By Geoff Dyer, China bureau chief
Who will be in the White House in 2022? The UK prime minister? Or if the job still exists then, president of the European Union?
The answer is, of course, not a clue. But leadership changes in China are signaled a little further in advance. Indeed, Beijing has just fired the opening shot in the succession battle for 2022 with the promotion of two forty-somethings to be provincial party bosses.
Hu Chunhua, the 46 year-old governor of Hebei province, has been promoted to the top job in Inner Mongolia (provincial governors rank below party secretaries), while Sun Zhengcai, also 46 and a former agriculture minister, will take over in Jilin province in northern China.
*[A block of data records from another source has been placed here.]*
(* Let $\rho$ be a density matrix of rank two on the $N$-qubit space $H=(\mathbb{C}^2)^{\otimes N}$. Let $|\tilde 0\rangle,|\tilde 1\rangle$ be an orthonormal basis of the support (range) of $\rho$, and define operators on $H$ $$\tau_1=|\tilde 0\rangle\langle\tilde 1|+|\tilde 1\rangle\langle\tilde 0|,\quad \tau_2=-i|\tilde 0\rangle\langle\tilde 1|+i|\tilde 1\rangle\langle\tilde 0|,\quad \tau_3=|\tilde 0\rangle\langle\tilde 0|-|\tilde 1\rangle\langle\tilde 1|.$$ Let $W$ be the real symmetric $3\times 3$ matrix with entries $W_{ij}=\mathrm{Tr}\big(\mathcal{S}\,(\tau_i\otimes\tau_j)\big)$, $i,j\in\{1,2,3\}$, and let $w_{\min}$ be its smallest eigenvalue. Then $$\mathcal{E}(\rho)=\mathcal{C}(\rho)+\tfrac12\big(1-\mathrm{Tr}(\rho^2)\big)\,w_{\min}.$$
   Context: Let $\sigma_1,\sigma_2,\sigma_3$ be the Pauli matrices and $\sigma_0=\mathbb{I}$. For an $N$-qubit state $\rho$ put $T_{\mu_1\dots\mu_N}=\mathrm{Tr}(\rho\,\sigma_{\mu_1}\otimes\dots\otimes\sigma_{\mu_N})$ and define the length of correlations $\mathcal{C}(\rho)=\sum_{j_1,\dots,j_N=1}^{3}T_{j_1\dots j_N}^2$; for a pure state $|\Psi\rangle$ write $\mathcal{C}(\Psi)=\mathcal{C}(|\Psi\rangle\langle\Psi|)$. Consider two copies $H\otimes H$ of the $N$-qubit space, where qubit $n$ of the first copy is paired with qubit $n'$ of the second copy, and define the operator $\mathcal{S}=\bigotimes_{n=1}^{N}\Big(\sum_{j=1}^{3}\sigma_j^{(n)}\otimes\sigma_j^{(n')}\Big)$ on $H\otimes H$; then $\mathcal{C}(\rho)=\mathrm{Tr}\big((\rho\otimes\rho)\,\mathcal{S}\big)$. The convex-roof extension is $\mathcal{E}(\rho)=\min\sum_k\mu_k\,\mathcal{C}(\Psi_k)$, the minimum taken over all pure-state decompositions $\rho=\sum_k\mu_k|\Psi_k\rangle\langle\Psi_k|$ with $\mu_k>0$, $\sum_k\mu_k=1$ and unit vectors $|\Psi_k\rangle$. *)

theory Defs
  imports "Jordan_Normal_Form.Char_Poly" "Jordan_Normal_Form.DL_Rank"
begin
(* Let $n\ge 2$, let $U\subseteq\mathbb{R}^n$ be an open cone (i.e. $\lambda x\in U$ for all $x\in U$, $\lambda>0$), and let $f$ be a smooth function on $U$ which is homogeneous of degree $d>1$ (i.e. $f(\lambda x)=\lambda^d f(x)$ for all $\lambda>0$), with $f>0$ on $U$ and $\det(\partial^2 f/\partial x_i\partial x_j)\neq 0$ on $U$. Give $U$ the pseudo-Riemannian metric $g_{ij}=-\frac{1}{d(d-1)}\,\partial^2 f/\partial x_i\partial x_j$, and give the hypersurface $M=\{x\in U: f(x)=1\}$ the restricted (nondegenerate) metric. Then the map $\varphi(t,x)=t^{2/d}x$ is an isometry from the warped product $(4/d^2)\big((-1)\mathbb{R}^{>0}\times_t (d^2/4)M\big)$ onto $U$.
   Context: For a pseudo-Riemannian manifold $N$ and a real number $a\neq 0$, $aN$ denotes the same manifold with inner product multiplied by $a$: $\langle v,w\rangle_{aN}=a\langle v,w\rangle_N$. For a pseudo-Riemannian manifold $N$, the warped product $(-1)\mathbb{R}^{>0}\times_t N$ is the manifold $\mathbb{R}^{>0}\times N$ with the metric in which $T(\mathbb{R}^{>0})$ is orthogonal to $TN$ at every point, the inner product on $TN$ at $(t,x)$ is $t^2$ times the given inner product of $N$ at $x$, and $\langle\partial/\partial t,\partial/\partial t\rangle=-1$. *)

theory Defs
  imports "HOL-Analysis.Analysis"
begin

definition dirderiv :: "('a::real_normed_vector \<Rightarrow> real) \<Rightarrow> 'a \<Rightarrow> 'a \<Rightarrow> real" where
  "dirderiv f v x = deriv (\<lambda>t. f (x + t *\<^sub>R v)) 0"

fun Ck :: "nat \<Rightarrow> 'a::euclidean_space set \<Rightarrow> ('a \<Rightarrow> real) \<Rightarrow> bool" where
  "Ck 0 S f \<longleftrightarrow> continuous_on S f"
| "Ck (Suc k) S f \<longleftrightarrow> continuous_on S f \<and>
     (\<forall>x\<in>S. \<forall>b\<in>Basis. (\<lambda>t. f (x + t *\<^sub>R b)) differentiable (at 0)) \<and>
     (\<forall>b\<in>Basis. Ck k S (dirderiv f b))"

definition smooth_real_on :: "'a::euclidean_space set \<Rightarrow> ('a \<Rightarrow> real) \<Rightarrow> bool" where
  "smooth_real_on S f \<longleftrightarrow> (\<forall>k. Ck k S f)"

definition smooth_map_on :: "'a::euclidean_space set \<Rightarrow> ('a \<Rightarrow> 'b::euclidean_space) \<Rightarrow> bool" where
  "smooth_map_on S F \<longleftrightarrow> (\<forall>e\<in>Basis. smooth_real_on S (\<lambda>x. F x \<bullet> e))"

definition hess :: "(real^'n \<Rightarrow> real) \<Rightarrow> real^'n \<Rightarrow> 'n \<Rightarrow> 'n \<Rightarrow> real" where
  "hess f x i j = dirderiv (dirderiv f (axis j 1)) (axis i 1) x"

definition hess_metric :: "real \<Rightarrow> (real^'n \<Rightarrow> real) \<Rightarrow> real^'n \<Rightarrow> real^'n \<Rightarrow> real^'n \<Rightarrow> real" where
  "hess_metric d f x v w = - (1 / (d * (d - 1))) * (\<Sum>i\<in>UNIV. \<Sum>j\<in>UNIV. hess f x i j * v$i * w$j)"

text \<open>Tangent space of the level set {f = 1} at x: kernel of df_x.\<close>
definition level_tangent :: "(real^'n \<Rightarrow> real) \<Rightarrow> real^'n \<Rightarrow> (real^'n) set" where
  "level_tangent f x = {v. (\<Sum>i\<in>UNIV. dirderiv f (axis i 1) x * v$i) = 0}"

end

theory Submission
  imports Defs
begin

text \<open>Differentiating the homogeneity relation f(c x) = c^d f(x) gives Euler's identity
  grad f(x) . x = d f(x); applied to the partial derivatives, which are homogeneous of degree d - 1,
  and differentiated once more, it gives H x = x^T H = (d - 1) grad f(x) for the Hessian H, which
  is itself homogeneous of degree d - 2. So at a point x of M the position vector satisfies
  g(x, x) = -1 and is g-orthogonal to T_x M = ker df_x, so T_x M is the g-orthogonal complement
  of a non-null vector and the restriction of the nondegenerate g to it is nondegenerate. The differential of phi(t, x) = t^(2/d) x maps (a, v) to
  a (2/d) t^(2/d - 1) x + t^(2/d) v, and evaluating g at t^(2/d) x contributes the factor
  t^(2(d - 2)/d); the two scalings combine to -(4/d^2) a b + t^2 g_x(v, w). The inverse of phi is
  y |-> (f(y)^(1/2), f(y)^(-1/d) y).

  The C^k classes of the definitions only ask for continuous partial derivatives; the Frechet
  derivative needed for the chain rule in Euler's identity comes from the mean value theorem
  along coordinate paths.\<close>

section \<open>Directional derivatives and the classes C^k\<close>

lemma eventually_eq_along_line:
  fixes f g :: "'a::real_normed_vector \<Rightarrow> real"
  assumes "open S" "x \<in> S" "\<And>y. y \<in> S \<Longrightarrow> f y = g y"
  shows "\<forall>\<^sub>F t in nhds 0. f (x + t *\<^sub>R b) = g (x + t *\<^sub>R b)"
proof -
  have "open ((\<lambda>t::real. x + t *\<^sub>R b) -` S)"
    by (rule continuous_open_vimage) (auto intro!: continuous_intros assms)
  then have "\<forall>\<^sub>F t in nhds 0. t \<in> (\<lambda>t::real. x + t *\<^sub>R b) -` S"
    by (rule eventually_nhds_in_open) (simp add: assms(2))
  then show ?thesis by eventually_elim (simp add: assms(3))
qed

lemma dirderiv_cong:
  fixes f g :: "'a::real_normed_vector \<Rightarrow> real"
  assumes "open S" "x \<in> S" "\<And>y. y \<in> S \<Longrightarrow> f y = g y"
  shows "dirderiv f b x = dirderiv g b x"
proof -
  have "\<forall>\<^sub>F t in nhds 0. f (x + t *\<^sub>R b) = g (x + t *\<^sub>R b)"
    using assms by (rule eventually_eq_along_line)
  then show ?thesis unfolding dirderiv_def by (rule deriv_cong_ev) simp
qed

lemma line_differentiable_cong:
  fixes f g :: "'a::real_normed_vector \<Rightarrow> real"
  assumes "open S" "x \<in> S" "\<And>y. y \<in> S \<Longrightarrow> f y = g y"
    and "(\<lambda>t. f (x + t *\<^sub>R b)) differentiable (at 0)"
  shows "(\<lambda>t. g (x + t *\<^sub>R b)) differentiable (at 0)"
proof -
  have ev: "\<forall>\<^sub>F t in nhds 0. f (x + t *\<^sub>R b) = g (x + t *\<^sub>R b)"
    using assms(1-3) by (rule eventually_eq_along_line)
  obtain D where "((\<lambda>t. f (x + t *\<^sub>R b)) has_real_derivative D) (at 0)"
    using assms(4) real_differentiable_def by blast
  then have "((\<lambda>t. g (x + t *\<^sub>R b)) has_real_derivative D) (at 0)"
    by (rule DERIV_cong_ev[OF refl ev refl, THEN iffD1])
  then show ?thesis using real_differentiable_def by blast
qed

lemma dirderiv_eqI:
  fixes f :: "'a::real_normed_vector \<Rightarrow> real"
  shows "((\<lambda>t. f (x + t *\<^sub>R b)) has_real_derivative D) (at 0) \<Longrightarrow> dirderiv f b x = D"
  unfolding dirderiv_def by (rule DERIV_imp_deriv)

lemma has_real_derivative_dirderiv:
  fixes f :: "'a::real_normed_vector \<Rightarrow> real"
  shows "(\<lambda>t. f (x + t *\<^sub>R b)) differentiable (at 0) \<Longrightarrow>
    ((\<lambda>t. f (x + t *\<^sub>R b)) has_real_derivative dirderiv f b x) (at 0)"
  unfolding dirderiv_def using DERIV_deriv_iff_real_differentiable by blast

lemma has_real_derivative_dirderiv_shifted:
  fixes f :: "'a::real_normed_vector \<Rightarrow> real"
  assumes "(\<lambda>t. f ((z + s *\<^sub>R b) + t *\<^sub>R b)) differentiable (at 0)"
  shows "((\<lambda>s. f (z + s *\<^sub>R b)) has_real_derivative dirderiv f b (z + s *\<^sub>R b)) (at s)"
proof -
  let ?g = "\<lambda>t. f ((z + s *\<^sub>R b) + t *\<^sub>R b)"
  have "(?g has_real_derivative dirderiv f b (z + s *\<^sub>R b)) (at (s + - s))"
    using has_real_derivative_dirderiv[OF assms] by simp
  then have "((\<lambda>u. ?g (u + - s)) has_real_derivative dirderiv f b (z + s *\<^sub>R b)) (at s)"
    by (subst (asm) DERIV_shift)
  moreover have "(\<lambda>u. ?g (u + - s)) = (\<lambda>u. f (z + u *\<^sub>R b))"
    by (rule ext) (simp add: algebra_simps)
  ultimately show ?thesis by simp
qed

lemma Ck_imp_continuous_on: "Ck k S f \<Longrightarrow> continuous_on S f"
  by (cases k) auto

lemma Ck_Suc_imp_Ck: "Ck (Suc k) S f \<Longrightarrow> Ck k S f"
  by (induction k arbitrary: f) auto

lemma Ck_SucD:
  assumes "Ck (Suc k) S f"
  shows "Ck k S f"
    and "\<And>x b. x \<in> S \<Longrightarrow> b \<in> Basis \<Longrightarrow>
           ((\<lambda>t. f (x + t *\<^sub>R b)) has_real_derivative dirderiv f b x) (at 0)"
    and "\<And>b. b \<in> Basis \<Longrightarrow> Ck k S (dirderiv f b)"
  using assms Ck_Suc_imp_Ck[OF assms] by (auto intro: has_real_derivative_dirderiv)

lemma Ck_cong:
  fixes f g :: "'a::euclidean_space \<Rightarrow> real"
  assumes S: "open S"
  shows "(\<And>y. y \<in> S \<Longrightarrow> f y = g y) \<Longrightarrow> Ck k S f \<Longrightarrow> Ck k S g"
proof (induction k arbitrary: f g)
  case 0
  have "continuous_on S g"
    using 0(2) by (simp add: continuous_on_eq[OF _ 0(1)])
  then show ?case by simp
next
  case (Suc k)
  have "continuous_on S g"
    using Suc.prems(2) by (simp add: continuous_on_eq[OF _ Suc.prems(1)])
  moreover have "(\<lambda>t. g (x + t *\<^sub>R b)) differentiable (at 0)" if "x \<in> S" "b \<in> Basis" for x b
    using Suc.prems(2) that by (intro line_differentiable_cong[OF S that(1) Suc.prems(1)]) auto
  moreover have "Ck k S (dirderiv g b)" if "b \<in> Basis" for b
  proof (rule Suc.IH[of "dirderiv f b"])
    show "dirderiv f b y = dirderiv g b y" if "y \<in> S" for y
      by (rule dirderiv_cong[OF S that Suc.prems(1)])
    show "Ck k S (dirderiv f b)" using Suc.prems(2) \<open>b \<in> Basis\<close> by simp
  qed
  ultimately show ?case by simp
qed
(* Let $p$ be an odd prime, $\lambda$ a partition, and suppose that for some abacus display of $\lambda$ the runners $i,j\in\{0,\dots,p-1\}$ satisfy conditions (F1), (F2), (F3). If $\kappa_p(\lambda)\ne\lambda$, then $i\ne j$.
   Context: Abacus: for $\lambda$ with at most $s$ nonzero parts, $\beta_k=\lambda_k-k+s$ ($1\le k\le s$). Position $q\ge0$ lies on runner $q\bmod p$ and is occupied iff $q$ equals some $\beta_k$. For runner $t$, $\lambda^{(t)}$ is the partition whose $m$-th part is the number of unoccupied positions on runner $t$ smaller than the $m$-th largest occupied position on runner $t$. (F1) $\lambda^{(k)}=\varnothing$ for all $k\notin\{i,j\}$; (F2) if position $i+ap$ is unoccupied then every position $b>i+ap$ not on runner $i$ is unoccupied; (F3) if position $j+cp$ is occupied then every position $d<j+cp$ not on runner $j$ is occupied. $\kappa_p(\lambda)$ is the $p$-core of $\lambda$. *)

theory Defs
  imports Main "HOL-Computational_Algebra.Primes"
begin

definition is_partition :: "nat list \<Rightarrow> bool" where
  "is_partition la \<longleftrightarrow> sorted (rev la) \<and> 0 \<notin> set la"

(* k-th part, 1-indexed; 0 beyond the length *)
definition part :: "nat list \<Rightarrow> nat \<Rightarrow> nat" where
  "part la k = (if 1 \<le> k \<and> k \<le> length la then la ! (k - 1) else 0)"
(* Let $d\ge1$, $M>d$ (or $M\ge d$ if $j=0$) and $j,k\ge0$ be fixed integers. Then as $N\to\infty$, $$s_{(N^d,\,j)/(k)}(1^{M})\sim N^{d(M-d)}\frac{G(d+1)G(M-d+1)}{G(M+1)}\sum_{r=0}^{\min(j,k)}\binom{M-d+j-r-1}{j-r}\binom{d+k-r-1}{k-r}.$$
   Context: $(N^d,j)$ denotes the partition with $d$ parts equal to $N$ followed by a part equal to $j$; $s_{(N^d,j)/(k)}(1^M)$ is the skew Schur polynomial of shape $(N^d,j)/(k)$ evaluated at $M$ variables equal to $1$. $G$ is the Barnes $G$-function ($G(1)=1$, $G(z+1)=\Gamma(z)G(z)$). For a nonnegative integer $b$, $\binom{a}{b}=a(a-1)\cdots(a-b+1)/b!$. $\sim$ denotes asymptotic equivalence as $N\to\infty$. *)

theory Defs
  imports "HOL-Analysis.Analysis" "HOL-Library.Landau_Symbols"
begin

definition part :: "nat list \<Rightarrow> nat \<Rightarrow> nat" where
  "part l i = (if i < length l then l ! i else 0)"

text \<open>Cells (row i, column c), 0-based rows and 1-based columns, of the skew
  diagram lam/mu.\<close>
definition skew_cells :: "nat list \<Rightarrow> nat list \<Rightarrow> (nat \<times> nat) set" where
  "skew_cells lam mu = {(i, c). i < length lam \<and> part mu i < c \<and> c \<le> part lam i}"

definition ssyt :: "nat list \<Rightarrow> nat list \<Rightarrow> nat \<Rightarrow> (nat \<times> nat \<Rightarrow> nat) set" where
  "ssyt lam mu M = {T.
     (\<forall>x \<in> skew_cells lam mu. T x \<in> {1..M}) \<and>
     (\<forall>x. x \<notin> skew_cells lam mu \<longrightarrow> T x = 0) \<and>
     (\<forall>i c. (i, c) \<in> skew_cells lam mu \<and> (i, c + 1) \<in> skew_cells lam mu
              \<longrightarrow> T (i, c) \<le> T (i, c + 1)) \<and>
     (\<forall>i c. (i, c) \<in> skew_cells lam mu \<and> (i + 1, c) \<in> skew_cells lam mu
              \<longrightarrow> T (i, c) < T (i + 1, c))}"
(* Suppose Assumptions (A1)–(A3) hold and let $\{\boldsymbol x_k\},\{\boldsymbol v_k\}$ be generated by Algorithm 2 with parameters $\alpha>\beta>0$, $\eta>0$ and $\delta_{i,k}>0$. Define $\tilde\epsilon_1=(\alpha-\beta)\rho_2(L)-\frac12(2+9L_f^2)$, $\tilde\epsilon_2=\beta^2\rho(L)+(2\alpha^2+\beta^2)\rho^2(L)+\frac{15}2L_f^2$, $\epsilon_3=\beta-\frac12-\frac\alpha{2\beta^2}-\frac1{2\beta\rho_2(L)}$, $\epsilon_4=2\beta^2+\frac12$, $\tilde\epsilon_5=\frac18-\frac3{2\beta}(\frac1\beta+\frac1{\rho_2(L)}+\frac\alpha\beta)L_f^2$, $\tilde\epsilon_6=\frac3{\beta^2}(1+\frac1{\rho_2(L)}+\frac\alpha\beta)L_f^2+\frac{L_f(1+3L_f)}2$, $\epsilon_{12}=((\frac1{\beta^2}+\frac1{2\eta\beta})(\frac1{\rho_2(L)}+\frac\alpha\beta)+\frac1{2\eta\beta^2}+\frac1{\beta^2}+\frac12)\frac{3npL_f^2}4$, $\epsilon_{11}=(\frac{15\eta}4+5\eta^2)\frac{3npL_f^2}4+\epsilon_{12}$, and $$U_k=\frac12\|\boldsymbol x_k\|^2_{\boldsymbol K}+\frac12\Big\|\boldsymbol v_k+\frac1\beta\boldsymbol h^0_k\Big\|^2_{\boldsymbol Q+\frac\alpha\beta\boldsymbol K}+\boldsymbol x_k^\top\boldsymbol K\Big(\boldsymbol v_k+\frac1\beta\boldsymbol h^0_k\Big)+n(f(\bar x_k)-f^* ).$$ Then for all $k\in\mathbb N_0$, $$U_{k+1}\le U_k-\eta(\tilde\epsilon_1-\eta\tilde\epsilon_2)\|\boldsymbol x_k\|^2_{\boldsymbol K}-\eta(\epsilon_3-\eta\epsilon_4)\Big\|\boldsymbol v_k+\frac1\beta\boldsymbol h^0_k\Big\|^2_{\boldsymbol K}-\eta(\tilde\epsilon_5-\eta\tilde\epsilon_6)\|\bar{\boldsymbol h}_k\|^2-\frac\eta8\|\bar{\boldsymbol g}^0_k\|^2+\epsilon_{11}\delta_k^2+\epsilon_{12}\delta_{k+1}^2.$$
   Context: Setting: $n$ agents on weighted undirected graph $\mathcal G$ with Laplacian $L=(L_{ij})$; $\rho(L)$ largest and $\rho_2(L)$ smallest positive eigenvalue of $L$. $f=\frac1n\sum_if_i$, $f_i:\mathbb R^p\to\mathbb R$, $f^*=\min f$. Assumptions: (A1) $\mathcal G$ connected; (A2) $\arg\min f\ne\emptyset$, $f^*>-\infty$; (A3) each $\nabla f_i$ is $L_f$-Lipschitz. Gradient estimator: $\hat\nabla h(x,\delta)=\frac1\delta\sum_{l=1}^p(h(x+\delta e_l)-h(x))e_l$ with $e_l$ the standard basis. Algorithm 2: $x_{i,0}$ arbitrary, $\sum_jv_{j,0}=\mathbf 0_p$, $x_{i,k+1}=x_{i,k}-\eta(\alpha\sum_jL_{ij}x_{j,k}+\beta v_{i,k}+\hat\nabla f_i(x_{i,k},\delta_{i,k}))$, $v_{i,k+1}=v_{i,k}+\eta\beta\sum_jL_{ij}x_{j,k}$. Notation: $\boldsymbol x_k=\mathrm{col}(x_{i,k})$, $\boldsymbol v_k=\mathrm{col}(v_{i,k})$, $\bar x_k=\frac1n\sum_ix_{i,k}$, $\boldsymbol K=(I_n-\frac1n\mathbf 1\mathbf 1^\top)\otimes I_p$, $\boldsymbol H=\frac1n\mathbf 1\mathbf 1^\top\otimes I_p$, $\|z\|^2_M=z^\top Mz$, $\delta_k=\max_i\delta_{i,k}$, $\boldsymbol h_k=\mathrm{col}(\hat\nabla f_i(x_{i,k},\delta_{i,k}))$, $\bar{\boldsymbol h}_k=\boldsymbol H\boldsymbol h_k$, $\boldsymbol h^0_k=\mathrm{col}(\hat\nabla f_i(\bar x_k,\delta_k))$, $\bar{\boldsymbol g}^0_k=\mathbf 1_n\otimes\nabla f(\bar x_k)$. $\boldsymbol Q=R\Lambda_1^{-1}R^\top\otimes I_p$, where $[\frac1{\sqrt n}\mathbf 1_n\ R]$ is orthogonal, the columns of $R$ are orthonormal eigenvectors of $L$ for its nonzero eigenvalues $\lambda_2\le\dots\le\lambda_n$, and $\Lambda_1=\mathrm{diag}(\lambda_2,\dots,\lambda_n)$ (i.e. $R\Lambda_1^{-1}R^\top$ is the pseudoinverse of $L$). *)

theory Defs
  imports "HOL-Analysis.Analysis"
begin

text \<open>Stacked vectors col(z_1,...,z_n) with z_i in R^p are elements of real^'p^'n.\<close>

text \<open>Action of the Kronecker product (M \<otimes> I_p) on a stacked vector.\<close>
definition kron_act :: "real^'n^'n \<Rightarrow> real^'p^'n \<Rightarrow> real^'p^'n" where
  "kron_act M z = (\<chi> i. \<Sum>j\<in>UNIV. (M$i$j) *\<^sub>R (z$j))"

definition wnorm2 :: "real^'n^'n \<Rightarrow> real^'p^'n \<Rightarrow> real" where
  "wnorm2 M z = inner z (kron_act M z)"

definition Kmat :: "real^'n^'n" where
  "Kmat = (\<chi> i j. (if i = j then 1 else 0) - 1 / real CARD('n))"

definition Hmat :: "real^'n^'n" where
  "Hmat = (\<chi> i j. 1 / real CARD('n))"

definition laplacian :: "real^'n^'n \<Rightarrow> real^'n^'n" where
  "laplacian a = (\<chi> i j. if i = j then (\<Sum>k\<in>UNIV - {i}. a$i$k) else - a$i$j)"

definition weighted_undirected_graph :: "real^'n^'n \<Rightarrow> bool" where
  "weighted_undirected_graph a \<longleftrightarrow>
     (\<forall>i j. a$i$j = a$j$i) \<and> (\<forall>i j. 0 \<le> a$i$j) \<and> (\<forall>i. a$i$i = 0)"

definition graph_connected :: "real^'n^'n \<Rightarrow> bool" where
  "graph_connected a \<longleftrightarrow> (\<forall>i j. (i, j) \<in> {(k, l). 0 < a$k$l}\<^sup>*)"

definition eigenvalues :: "real^'n^'n \<Rightarrow> real set" where
  "eigenvalues M = {e. \<exists>v. v \<noteq> 0 \<and> M *v v = e *\<^sub>R v}"

definition rho :: "real^'n^'n \<Rightarrow> real" where
  "rho M = Max (eigenvalues M)"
The moves make them front-runners to be the ‘sixth-generation’ leaders when – according to precedent – power at the top of the Communist party hierarchy changes hands in 2022 (President Hu Jintao is the ‘fourth generation’ leader).
There is obviously plenty of politics to be played before then. Indeed, the next succession is still not completely sewn up. Vice president Xi Jinping is widely expected to take over from Hu Jintao in 2012, with Li Keqiang replacing Wen Jiabao as premier, however Xi has yet to win the promotion to the commission which runs the military, which would be the final act in his anointment.
But for the generation after him, the one who is getting the attention at the moment is the bespectacled Hu Chunhua. As well as sharing the same surname as the current president, he has spent time in Tibet and worked at the Communist Youth League, the party body that has been President Hu’s powerbase -indeed, he is sometimes referred to as ‘Little Hu’. Hu Jintao failed to have another Youth League alumnus named as his successor when Li Keqiang was overlooked. Is he now trying to put another protégé in place for 2022?